Instructions to follow
Where the listing below has a line with "then obtain u", write out exactly that line and every line after it, stopping after the line with "using gamma_codes_hit[OF K(1)".

Source material
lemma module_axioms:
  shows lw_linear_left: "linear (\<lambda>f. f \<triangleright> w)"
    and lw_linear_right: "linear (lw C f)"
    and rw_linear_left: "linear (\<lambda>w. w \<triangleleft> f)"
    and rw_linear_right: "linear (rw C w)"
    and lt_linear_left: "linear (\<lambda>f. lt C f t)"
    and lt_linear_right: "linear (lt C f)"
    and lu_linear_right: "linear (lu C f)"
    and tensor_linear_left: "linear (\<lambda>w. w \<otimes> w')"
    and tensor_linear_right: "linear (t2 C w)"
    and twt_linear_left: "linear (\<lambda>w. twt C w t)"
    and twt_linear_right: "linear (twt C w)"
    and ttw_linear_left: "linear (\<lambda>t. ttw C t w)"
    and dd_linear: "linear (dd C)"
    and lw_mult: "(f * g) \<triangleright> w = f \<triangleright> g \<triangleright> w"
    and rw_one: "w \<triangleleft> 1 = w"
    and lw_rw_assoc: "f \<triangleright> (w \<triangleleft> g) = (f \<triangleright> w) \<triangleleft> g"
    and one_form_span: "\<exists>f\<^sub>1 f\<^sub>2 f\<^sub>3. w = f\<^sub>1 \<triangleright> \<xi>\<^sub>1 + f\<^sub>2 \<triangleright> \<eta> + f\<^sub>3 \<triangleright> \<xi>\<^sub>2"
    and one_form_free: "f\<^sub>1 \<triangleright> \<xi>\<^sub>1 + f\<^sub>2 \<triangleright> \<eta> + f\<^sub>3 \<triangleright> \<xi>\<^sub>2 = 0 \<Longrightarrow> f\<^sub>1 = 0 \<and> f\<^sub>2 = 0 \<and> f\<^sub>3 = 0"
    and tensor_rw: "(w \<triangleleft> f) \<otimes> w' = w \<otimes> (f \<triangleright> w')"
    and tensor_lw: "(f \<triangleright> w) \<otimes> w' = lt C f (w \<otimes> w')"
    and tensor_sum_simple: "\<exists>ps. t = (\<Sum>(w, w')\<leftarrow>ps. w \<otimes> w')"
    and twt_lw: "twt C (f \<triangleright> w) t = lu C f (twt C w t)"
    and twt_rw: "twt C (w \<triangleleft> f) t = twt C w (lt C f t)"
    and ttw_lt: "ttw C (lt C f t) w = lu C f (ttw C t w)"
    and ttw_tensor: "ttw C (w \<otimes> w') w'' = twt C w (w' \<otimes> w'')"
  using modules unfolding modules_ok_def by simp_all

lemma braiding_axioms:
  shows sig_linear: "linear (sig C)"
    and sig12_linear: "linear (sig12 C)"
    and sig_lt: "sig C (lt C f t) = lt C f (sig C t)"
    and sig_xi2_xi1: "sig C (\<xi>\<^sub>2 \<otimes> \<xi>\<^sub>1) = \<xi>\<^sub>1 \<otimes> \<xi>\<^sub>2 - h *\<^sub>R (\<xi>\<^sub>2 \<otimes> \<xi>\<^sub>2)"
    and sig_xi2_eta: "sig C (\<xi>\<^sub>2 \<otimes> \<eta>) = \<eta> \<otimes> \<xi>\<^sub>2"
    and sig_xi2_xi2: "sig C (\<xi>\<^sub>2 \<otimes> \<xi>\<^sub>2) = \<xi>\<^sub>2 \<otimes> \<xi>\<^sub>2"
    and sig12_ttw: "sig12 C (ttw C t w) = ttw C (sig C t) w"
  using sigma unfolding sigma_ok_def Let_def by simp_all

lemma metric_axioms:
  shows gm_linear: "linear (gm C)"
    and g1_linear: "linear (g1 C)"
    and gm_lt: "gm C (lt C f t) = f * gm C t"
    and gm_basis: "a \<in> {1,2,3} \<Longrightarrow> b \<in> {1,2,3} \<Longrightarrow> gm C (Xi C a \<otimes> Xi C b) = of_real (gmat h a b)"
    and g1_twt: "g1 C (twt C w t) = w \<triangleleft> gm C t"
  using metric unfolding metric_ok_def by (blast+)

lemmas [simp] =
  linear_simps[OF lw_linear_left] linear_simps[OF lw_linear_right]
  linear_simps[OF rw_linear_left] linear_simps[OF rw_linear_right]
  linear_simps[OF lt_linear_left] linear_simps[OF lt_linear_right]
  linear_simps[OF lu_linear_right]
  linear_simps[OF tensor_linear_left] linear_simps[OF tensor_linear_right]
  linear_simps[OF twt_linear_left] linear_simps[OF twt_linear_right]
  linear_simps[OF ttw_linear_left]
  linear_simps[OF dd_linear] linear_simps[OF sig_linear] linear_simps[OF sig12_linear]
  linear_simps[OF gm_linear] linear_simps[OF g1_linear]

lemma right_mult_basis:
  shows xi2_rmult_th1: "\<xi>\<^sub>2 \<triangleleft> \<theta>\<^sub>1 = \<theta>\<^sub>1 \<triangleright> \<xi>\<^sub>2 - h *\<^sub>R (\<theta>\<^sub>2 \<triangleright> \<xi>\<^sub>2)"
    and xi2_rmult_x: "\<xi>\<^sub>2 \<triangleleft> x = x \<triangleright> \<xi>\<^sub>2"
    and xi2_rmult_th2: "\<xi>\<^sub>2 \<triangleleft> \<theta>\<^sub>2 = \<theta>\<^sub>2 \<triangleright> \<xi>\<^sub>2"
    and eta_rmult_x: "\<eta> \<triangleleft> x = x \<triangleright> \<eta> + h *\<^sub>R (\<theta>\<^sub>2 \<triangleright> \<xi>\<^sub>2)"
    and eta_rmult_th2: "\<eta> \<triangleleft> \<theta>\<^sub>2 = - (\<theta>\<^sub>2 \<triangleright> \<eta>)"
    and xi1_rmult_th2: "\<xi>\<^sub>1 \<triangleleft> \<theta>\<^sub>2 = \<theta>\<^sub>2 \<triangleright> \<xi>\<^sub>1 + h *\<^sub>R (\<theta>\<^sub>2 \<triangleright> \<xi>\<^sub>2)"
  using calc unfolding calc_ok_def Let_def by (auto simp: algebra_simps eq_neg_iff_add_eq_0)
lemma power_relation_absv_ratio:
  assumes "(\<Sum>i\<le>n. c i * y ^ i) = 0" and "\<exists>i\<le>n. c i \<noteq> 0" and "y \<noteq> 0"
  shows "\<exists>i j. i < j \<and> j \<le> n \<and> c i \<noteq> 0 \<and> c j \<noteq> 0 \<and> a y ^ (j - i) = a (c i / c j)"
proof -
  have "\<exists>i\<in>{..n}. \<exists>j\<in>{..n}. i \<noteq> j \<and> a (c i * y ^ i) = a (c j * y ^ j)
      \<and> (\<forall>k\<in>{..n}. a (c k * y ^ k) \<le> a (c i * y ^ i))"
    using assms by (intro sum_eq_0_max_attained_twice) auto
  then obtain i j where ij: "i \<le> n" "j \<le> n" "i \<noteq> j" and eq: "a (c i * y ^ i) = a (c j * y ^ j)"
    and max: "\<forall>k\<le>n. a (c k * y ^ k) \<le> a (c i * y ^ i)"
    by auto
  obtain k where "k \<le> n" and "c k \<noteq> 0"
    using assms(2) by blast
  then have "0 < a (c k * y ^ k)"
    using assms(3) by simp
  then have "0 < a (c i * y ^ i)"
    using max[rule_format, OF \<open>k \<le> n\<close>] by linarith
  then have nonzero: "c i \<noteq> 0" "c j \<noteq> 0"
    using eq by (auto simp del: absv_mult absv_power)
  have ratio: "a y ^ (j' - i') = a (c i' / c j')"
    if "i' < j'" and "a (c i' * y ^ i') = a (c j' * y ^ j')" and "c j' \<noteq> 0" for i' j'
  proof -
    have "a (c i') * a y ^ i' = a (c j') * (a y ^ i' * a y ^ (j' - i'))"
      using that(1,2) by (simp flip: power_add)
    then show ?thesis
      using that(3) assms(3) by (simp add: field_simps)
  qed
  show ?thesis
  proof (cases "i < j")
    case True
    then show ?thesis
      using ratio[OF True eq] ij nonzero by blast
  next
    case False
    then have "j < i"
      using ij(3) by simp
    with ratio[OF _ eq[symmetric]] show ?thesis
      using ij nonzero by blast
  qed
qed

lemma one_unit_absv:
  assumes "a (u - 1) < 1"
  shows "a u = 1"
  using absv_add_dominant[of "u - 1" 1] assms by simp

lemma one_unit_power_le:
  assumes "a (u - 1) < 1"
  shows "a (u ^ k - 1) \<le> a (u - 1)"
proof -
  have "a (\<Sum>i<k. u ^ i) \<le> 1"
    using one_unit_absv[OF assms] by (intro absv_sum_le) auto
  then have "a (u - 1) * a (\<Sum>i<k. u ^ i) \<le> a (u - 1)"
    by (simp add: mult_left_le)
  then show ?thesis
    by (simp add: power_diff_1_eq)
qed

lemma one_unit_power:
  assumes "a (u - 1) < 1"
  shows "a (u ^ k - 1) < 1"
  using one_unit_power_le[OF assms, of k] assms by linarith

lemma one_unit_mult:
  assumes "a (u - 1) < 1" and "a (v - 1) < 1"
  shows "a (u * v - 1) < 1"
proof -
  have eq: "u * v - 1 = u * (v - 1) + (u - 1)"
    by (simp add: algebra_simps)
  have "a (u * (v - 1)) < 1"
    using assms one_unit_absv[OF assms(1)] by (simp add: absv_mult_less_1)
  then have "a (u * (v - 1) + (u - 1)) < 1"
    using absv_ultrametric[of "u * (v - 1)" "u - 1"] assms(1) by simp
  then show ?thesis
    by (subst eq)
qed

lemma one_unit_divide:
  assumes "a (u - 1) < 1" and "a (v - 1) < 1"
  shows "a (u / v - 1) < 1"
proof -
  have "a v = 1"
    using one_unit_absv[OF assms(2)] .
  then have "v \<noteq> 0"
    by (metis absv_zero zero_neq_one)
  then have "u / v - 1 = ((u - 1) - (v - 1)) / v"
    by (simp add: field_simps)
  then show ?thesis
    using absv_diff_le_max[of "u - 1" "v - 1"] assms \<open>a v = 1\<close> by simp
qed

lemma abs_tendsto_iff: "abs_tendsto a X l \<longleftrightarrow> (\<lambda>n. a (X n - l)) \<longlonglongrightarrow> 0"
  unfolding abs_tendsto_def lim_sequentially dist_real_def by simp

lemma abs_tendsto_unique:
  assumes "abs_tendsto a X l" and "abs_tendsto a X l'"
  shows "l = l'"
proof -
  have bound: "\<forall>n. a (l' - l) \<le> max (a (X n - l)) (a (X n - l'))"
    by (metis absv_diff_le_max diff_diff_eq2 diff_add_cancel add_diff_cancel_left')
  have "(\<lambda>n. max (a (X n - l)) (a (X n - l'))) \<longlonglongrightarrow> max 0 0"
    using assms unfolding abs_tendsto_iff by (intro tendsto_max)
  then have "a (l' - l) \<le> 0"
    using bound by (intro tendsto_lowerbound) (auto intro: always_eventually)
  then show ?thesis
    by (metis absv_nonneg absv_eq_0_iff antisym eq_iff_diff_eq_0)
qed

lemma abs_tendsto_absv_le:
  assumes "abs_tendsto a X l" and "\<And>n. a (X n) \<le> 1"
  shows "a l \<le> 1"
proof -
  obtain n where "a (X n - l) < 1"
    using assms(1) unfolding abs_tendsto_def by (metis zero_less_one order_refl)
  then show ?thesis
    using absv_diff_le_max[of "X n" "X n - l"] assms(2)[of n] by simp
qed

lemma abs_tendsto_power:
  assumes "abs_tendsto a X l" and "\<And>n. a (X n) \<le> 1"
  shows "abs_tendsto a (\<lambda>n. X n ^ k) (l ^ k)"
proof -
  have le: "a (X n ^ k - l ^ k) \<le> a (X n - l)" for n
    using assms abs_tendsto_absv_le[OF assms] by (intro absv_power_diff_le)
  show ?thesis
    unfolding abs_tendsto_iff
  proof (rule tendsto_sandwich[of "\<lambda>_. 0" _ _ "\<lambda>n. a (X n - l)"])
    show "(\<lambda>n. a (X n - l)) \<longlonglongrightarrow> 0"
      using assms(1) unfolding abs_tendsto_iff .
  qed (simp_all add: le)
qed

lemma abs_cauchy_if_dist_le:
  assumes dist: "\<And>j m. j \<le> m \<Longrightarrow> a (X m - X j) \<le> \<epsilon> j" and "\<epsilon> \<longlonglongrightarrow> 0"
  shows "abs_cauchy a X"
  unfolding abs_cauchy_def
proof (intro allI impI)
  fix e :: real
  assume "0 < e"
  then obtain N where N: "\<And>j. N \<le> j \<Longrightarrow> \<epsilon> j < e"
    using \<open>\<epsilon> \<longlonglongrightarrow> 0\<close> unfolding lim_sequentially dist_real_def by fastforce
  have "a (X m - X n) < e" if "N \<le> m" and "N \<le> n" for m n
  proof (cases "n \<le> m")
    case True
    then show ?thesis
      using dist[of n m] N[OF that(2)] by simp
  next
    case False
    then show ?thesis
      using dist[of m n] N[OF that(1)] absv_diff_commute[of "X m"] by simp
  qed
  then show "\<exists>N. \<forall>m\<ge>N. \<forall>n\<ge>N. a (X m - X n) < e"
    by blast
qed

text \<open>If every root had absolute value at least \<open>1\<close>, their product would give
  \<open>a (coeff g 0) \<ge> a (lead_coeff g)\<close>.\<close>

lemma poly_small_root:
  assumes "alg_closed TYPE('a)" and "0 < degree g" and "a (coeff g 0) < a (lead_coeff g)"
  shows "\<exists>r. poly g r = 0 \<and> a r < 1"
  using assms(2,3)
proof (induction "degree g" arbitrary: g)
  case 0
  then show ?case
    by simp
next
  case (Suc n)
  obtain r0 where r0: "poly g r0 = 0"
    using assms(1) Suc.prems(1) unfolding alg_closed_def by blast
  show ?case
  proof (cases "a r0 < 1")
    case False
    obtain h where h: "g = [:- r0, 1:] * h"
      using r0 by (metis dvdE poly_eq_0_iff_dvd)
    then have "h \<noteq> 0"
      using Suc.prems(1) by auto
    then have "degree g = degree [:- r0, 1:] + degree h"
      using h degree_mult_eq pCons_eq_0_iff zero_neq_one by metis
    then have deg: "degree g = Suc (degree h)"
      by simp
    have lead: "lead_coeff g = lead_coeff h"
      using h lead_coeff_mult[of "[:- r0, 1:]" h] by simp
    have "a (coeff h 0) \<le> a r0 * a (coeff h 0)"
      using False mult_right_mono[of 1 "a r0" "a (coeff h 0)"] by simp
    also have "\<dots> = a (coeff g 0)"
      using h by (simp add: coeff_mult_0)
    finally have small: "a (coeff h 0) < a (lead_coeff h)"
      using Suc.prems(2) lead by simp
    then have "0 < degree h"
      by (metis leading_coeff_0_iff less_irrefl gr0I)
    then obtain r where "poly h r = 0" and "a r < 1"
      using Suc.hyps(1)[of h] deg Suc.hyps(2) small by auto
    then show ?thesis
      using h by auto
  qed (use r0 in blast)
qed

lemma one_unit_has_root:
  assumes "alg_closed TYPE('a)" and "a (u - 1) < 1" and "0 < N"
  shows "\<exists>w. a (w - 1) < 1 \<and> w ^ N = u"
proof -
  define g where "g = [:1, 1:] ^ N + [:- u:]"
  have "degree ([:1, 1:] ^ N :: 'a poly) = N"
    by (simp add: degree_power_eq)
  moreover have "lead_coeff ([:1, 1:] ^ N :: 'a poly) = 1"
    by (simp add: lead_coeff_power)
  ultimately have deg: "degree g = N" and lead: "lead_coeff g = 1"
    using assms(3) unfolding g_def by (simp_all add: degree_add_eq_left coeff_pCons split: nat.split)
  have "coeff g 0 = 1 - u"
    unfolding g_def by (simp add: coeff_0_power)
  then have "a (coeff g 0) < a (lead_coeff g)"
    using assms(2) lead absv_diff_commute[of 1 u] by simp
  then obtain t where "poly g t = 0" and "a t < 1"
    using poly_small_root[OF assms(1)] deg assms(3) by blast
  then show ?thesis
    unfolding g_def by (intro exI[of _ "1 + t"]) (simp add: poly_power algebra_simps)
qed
...
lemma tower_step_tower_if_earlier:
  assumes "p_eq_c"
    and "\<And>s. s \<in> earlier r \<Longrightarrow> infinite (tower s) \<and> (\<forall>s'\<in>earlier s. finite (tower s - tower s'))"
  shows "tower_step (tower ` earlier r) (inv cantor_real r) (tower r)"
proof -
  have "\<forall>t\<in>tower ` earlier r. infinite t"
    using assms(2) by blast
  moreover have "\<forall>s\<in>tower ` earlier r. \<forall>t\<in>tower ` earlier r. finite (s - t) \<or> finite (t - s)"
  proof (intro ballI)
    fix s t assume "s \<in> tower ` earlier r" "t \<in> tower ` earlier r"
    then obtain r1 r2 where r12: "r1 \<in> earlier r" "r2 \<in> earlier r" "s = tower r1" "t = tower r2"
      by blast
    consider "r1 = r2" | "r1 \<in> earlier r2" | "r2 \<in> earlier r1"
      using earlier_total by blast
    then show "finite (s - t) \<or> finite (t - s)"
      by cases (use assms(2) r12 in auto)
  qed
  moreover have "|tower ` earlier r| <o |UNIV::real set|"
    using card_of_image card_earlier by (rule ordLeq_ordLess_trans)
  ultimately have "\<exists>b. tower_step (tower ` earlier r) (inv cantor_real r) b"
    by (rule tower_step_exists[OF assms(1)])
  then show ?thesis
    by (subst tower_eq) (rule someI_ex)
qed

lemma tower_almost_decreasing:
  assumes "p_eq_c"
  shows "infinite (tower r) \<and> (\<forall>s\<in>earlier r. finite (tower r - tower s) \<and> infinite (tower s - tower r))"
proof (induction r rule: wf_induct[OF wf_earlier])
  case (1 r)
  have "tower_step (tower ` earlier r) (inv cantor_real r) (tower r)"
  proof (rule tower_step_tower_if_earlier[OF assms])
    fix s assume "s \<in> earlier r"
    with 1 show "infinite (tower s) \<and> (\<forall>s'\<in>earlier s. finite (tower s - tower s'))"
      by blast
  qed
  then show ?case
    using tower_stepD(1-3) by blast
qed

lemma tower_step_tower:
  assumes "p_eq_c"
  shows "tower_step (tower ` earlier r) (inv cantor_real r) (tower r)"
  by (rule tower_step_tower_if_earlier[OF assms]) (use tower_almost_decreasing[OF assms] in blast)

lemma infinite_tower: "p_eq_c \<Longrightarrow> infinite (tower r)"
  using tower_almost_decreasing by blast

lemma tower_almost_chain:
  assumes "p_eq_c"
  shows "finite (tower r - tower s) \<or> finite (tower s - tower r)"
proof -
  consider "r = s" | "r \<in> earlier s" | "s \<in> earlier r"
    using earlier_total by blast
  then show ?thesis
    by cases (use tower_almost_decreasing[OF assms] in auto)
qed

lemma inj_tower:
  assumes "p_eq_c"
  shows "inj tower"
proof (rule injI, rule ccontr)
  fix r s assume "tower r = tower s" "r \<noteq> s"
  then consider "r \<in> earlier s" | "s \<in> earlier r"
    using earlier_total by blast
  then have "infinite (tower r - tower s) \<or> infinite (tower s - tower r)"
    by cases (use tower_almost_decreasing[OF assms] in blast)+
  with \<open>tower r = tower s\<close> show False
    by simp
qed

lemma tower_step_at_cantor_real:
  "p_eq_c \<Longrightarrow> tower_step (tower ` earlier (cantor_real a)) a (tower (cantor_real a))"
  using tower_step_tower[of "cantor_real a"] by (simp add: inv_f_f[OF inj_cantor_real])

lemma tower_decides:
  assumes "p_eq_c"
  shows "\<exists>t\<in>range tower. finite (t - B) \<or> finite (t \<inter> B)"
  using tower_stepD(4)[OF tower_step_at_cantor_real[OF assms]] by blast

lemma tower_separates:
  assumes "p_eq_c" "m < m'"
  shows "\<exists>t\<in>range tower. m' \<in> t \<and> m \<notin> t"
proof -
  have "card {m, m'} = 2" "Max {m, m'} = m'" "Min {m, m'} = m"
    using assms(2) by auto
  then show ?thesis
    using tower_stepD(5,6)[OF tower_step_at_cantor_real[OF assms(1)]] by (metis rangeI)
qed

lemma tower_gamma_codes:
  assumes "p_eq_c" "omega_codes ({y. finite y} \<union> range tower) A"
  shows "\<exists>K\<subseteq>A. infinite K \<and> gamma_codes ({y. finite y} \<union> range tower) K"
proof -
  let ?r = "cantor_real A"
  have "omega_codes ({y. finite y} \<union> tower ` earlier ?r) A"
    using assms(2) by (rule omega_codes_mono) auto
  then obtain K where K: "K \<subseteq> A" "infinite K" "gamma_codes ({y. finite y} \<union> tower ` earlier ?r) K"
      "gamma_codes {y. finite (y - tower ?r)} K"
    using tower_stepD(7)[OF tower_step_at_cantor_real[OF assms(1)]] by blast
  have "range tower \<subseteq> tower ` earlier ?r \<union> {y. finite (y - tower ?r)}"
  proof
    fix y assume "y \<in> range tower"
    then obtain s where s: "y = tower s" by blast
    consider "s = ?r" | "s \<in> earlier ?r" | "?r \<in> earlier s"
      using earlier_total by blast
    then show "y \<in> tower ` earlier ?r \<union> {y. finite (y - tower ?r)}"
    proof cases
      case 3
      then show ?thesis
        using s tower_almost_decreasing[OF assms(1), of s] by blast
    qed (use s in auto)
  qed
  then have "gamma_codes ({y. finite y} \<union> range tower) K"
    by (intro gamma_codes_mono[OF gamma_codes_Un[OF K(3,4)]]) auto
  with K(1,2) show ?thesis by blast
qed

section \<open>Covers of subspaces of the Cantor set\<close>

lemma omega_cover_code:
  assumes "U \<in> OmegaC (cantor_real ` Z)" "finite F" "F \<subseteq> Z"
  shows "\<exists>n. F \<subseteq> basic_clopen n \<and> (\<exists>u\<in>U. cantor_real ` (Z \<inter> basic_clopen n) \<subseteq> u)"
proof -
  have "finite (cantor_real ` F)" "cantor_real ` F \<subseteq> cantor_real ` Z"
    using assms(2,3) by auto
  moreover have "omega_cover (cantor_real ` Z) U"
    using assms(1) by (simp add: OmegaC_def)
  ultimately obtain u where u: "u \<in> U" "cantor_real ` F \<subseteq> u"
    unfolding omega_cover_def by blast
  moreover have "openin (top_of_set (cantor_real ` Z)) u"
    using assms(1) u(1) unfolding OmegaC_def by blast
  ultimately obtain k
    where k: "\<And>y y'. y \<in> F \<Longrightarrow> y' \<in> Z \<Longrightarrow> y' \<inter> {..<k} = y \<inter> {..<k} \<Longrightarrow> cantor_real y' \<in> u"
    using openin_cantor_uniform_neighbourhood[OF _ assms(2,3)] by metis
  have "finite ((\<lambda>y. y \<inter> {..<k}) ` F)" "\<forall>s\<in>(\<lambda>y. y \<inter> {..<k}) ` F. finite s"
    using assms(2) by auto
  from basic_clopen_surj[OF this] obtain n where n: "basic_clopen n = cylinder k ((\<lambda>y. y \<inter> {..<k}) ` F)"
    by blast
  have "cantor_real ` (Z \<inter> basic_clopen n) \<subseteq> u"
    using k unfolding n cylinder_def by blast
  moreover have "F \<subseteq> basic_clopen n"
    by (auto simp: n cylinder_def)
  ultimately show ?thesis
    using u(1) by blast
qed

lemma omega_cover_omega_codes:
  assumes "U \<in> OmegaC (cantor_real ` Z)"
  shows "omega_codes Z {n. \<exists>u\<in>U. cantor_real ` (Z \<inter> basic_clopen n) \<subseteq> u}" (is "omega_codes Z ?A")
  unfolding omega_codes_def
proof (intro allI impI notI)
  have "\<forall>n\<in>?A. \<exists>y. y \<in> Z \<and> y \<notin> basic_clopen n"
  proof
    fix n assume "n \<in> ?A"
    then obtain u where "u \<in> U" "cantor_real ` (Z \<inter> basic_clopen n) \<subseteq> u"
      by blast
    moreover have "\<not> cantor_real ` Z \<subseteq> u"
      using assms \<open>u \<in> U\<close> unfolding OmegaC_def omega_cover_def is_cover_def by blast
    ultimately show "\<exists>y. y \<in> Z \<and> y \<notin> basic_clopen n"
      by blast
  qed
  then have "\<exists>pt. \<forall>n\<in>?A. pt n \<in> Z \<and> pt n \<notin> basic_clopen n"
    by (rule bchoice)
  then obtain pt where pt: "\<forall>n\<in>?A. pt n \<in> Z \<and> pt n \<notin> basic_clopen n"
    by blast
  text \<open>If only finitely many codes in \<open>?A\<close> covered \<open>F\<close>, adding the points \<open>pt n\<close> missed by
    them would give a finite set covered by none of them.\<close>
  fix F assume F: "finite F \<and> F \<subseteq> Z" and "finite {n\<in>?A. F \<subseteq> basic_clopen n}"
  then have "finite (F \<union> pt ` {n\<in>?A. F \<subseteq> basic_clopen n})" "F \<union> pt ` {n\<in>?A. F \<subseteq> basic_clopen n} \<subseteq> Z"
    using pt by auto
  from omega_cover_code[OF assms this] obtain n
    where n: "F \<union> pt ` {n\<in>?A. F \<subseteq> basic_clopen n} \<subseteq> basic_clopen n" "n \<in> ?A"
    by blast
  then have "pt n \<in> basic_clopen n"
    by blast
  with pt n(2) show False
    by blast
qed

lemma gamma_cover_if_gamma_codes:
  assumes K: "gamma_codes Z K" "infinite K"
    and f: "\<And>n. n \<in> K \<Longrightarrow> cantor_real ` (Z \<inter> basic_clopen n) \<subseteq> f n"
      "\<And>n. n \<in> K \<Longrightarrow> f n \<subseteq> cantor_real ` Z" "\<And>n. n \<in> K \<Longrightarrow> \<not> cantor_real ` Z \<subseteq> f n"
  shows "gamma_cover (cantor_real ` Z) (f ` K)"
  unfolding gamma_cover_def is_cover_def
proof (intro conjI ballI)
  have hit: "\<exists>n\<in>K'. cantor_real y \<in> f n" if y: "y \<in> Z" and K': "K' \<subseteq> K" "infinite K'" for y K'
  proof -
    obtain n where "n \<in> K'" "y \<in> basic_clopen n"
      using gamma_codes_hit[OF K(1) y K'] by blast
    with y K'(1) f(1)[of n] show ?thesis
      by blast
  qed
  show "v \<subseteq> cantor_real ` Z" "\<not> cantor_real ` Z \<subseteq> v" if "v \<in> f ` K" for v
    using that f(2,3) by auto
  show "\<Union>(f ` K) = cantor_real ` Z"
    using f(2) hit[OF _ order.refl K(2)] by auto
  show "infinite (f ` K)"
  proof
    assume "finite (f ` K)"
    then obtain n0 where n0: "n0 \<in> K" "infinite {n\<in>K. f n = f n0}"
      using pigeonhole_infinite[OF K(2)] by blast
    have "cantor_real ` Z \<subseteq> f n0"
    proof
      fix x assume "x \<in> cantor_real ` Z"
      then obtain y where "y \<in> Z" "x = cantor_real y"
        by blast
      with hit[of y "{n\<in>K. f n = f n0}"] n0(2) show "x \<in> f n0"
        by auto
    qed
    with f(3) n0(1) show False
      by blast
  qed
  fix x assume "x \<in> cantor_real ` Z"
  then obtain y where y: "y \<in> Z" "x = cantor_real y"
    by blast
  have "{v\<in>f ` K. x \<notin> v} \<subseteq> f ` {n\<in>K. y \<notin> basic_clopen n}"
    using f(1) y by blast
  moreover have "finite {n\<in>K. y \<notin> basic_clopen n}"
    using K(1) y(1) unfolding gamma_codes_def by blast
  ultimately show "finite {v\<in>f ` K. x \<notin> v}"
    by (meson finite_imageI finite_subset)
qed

Solution below
    then obtain u where "u \<in> U" "cantor_real ` (Z \<inter> basic_clopen n) \<subseteq> u"
      by blast
    moreover have "\<not> cantor_real ` Z \<subseteq> u"
      using assms \<open>u \<in> U\<close> unfolding OmegaC_def omega_cover_def is_cover_def by blast
    ultimately show "\<exists>y. y \<in> Z \<and> y \<notin> basic_clopen n"
      by blast
  qed
  then have "\<exists>pt. \<forall>n\<in>?A. pt n \<in> Z \<and> pt n \<notin> basic_clopen n"
    by (rule bchoice)
  then obtain pt where pt: "\<forall>n\<in>?A. pt n \<in> Z \<and> pt n \<notin> basic_clopen n"
    by blast
  text \<open>If only finitely many codes in \<open>?A\<close> covered \<open>F\<close>, adding the points \<open>pt n\<close> missed by
    them would give a finite set covered by none of them.\<close>
  fix F assume F: "finite F \<and> F \<subseteq> Z" and "finite {n\<in>?A. F \<subseteq> basic_clopen n}"
  then have "finite (F \<union> pt ` {n\<in>?A. F \<subseteq> basic_clopen n})" "F \<union> pt ` {n\<in>?A. F \<subseteq> basic_clopen n} \<subseteq> Z"
    using pt by auto
  from omega_cover_code[OF assms this] obtain n
    where n: "F \<union> pt ` {n\<in>?A. F \<subseteq> basic_clopen n} \<subseteq> basic_clopen n" "n \<in> ?A"
    by blast
  then have "pt n \<in> basic_clopen n"
    by blast
  with pt n(2) show False
    by blast
qed

lemma gamma_cover_if_gamma_codes:
  assumes K: "gamma_codes Z K" "infinite K"
    and f: "\<And>n. n \<in> K \<Longrightarrow> cantor_real ` (Z \<inter> basic_clopen n) \<subseteq> f n"
      "\<And>n. n \<in> K \<Longrightarrow> f n \<subseteq> cantor_real ` Z" "\<And>n. n \<in> K \<Longrightarrow> \<not> cantor_real ` Z \<subseteq> f n"
  shows "gamma_cover (cantor_real ` Z) (f ` K)"
  unfolding gamma_cover_def is_cover_def
proof (intro conjI ballI)
  have hit: "\<exists>n\<in>K'. cantor_real y \<in> f n" if y: "y \<in> Z" and K': "K' \<subseteq> K" "infinite K'" for y K'
  proof -
    obtain n where "n \<in> K'" "y \<in> basic_clopen n"
      using gamma_codes_hit[OF K(1) y K'] by blast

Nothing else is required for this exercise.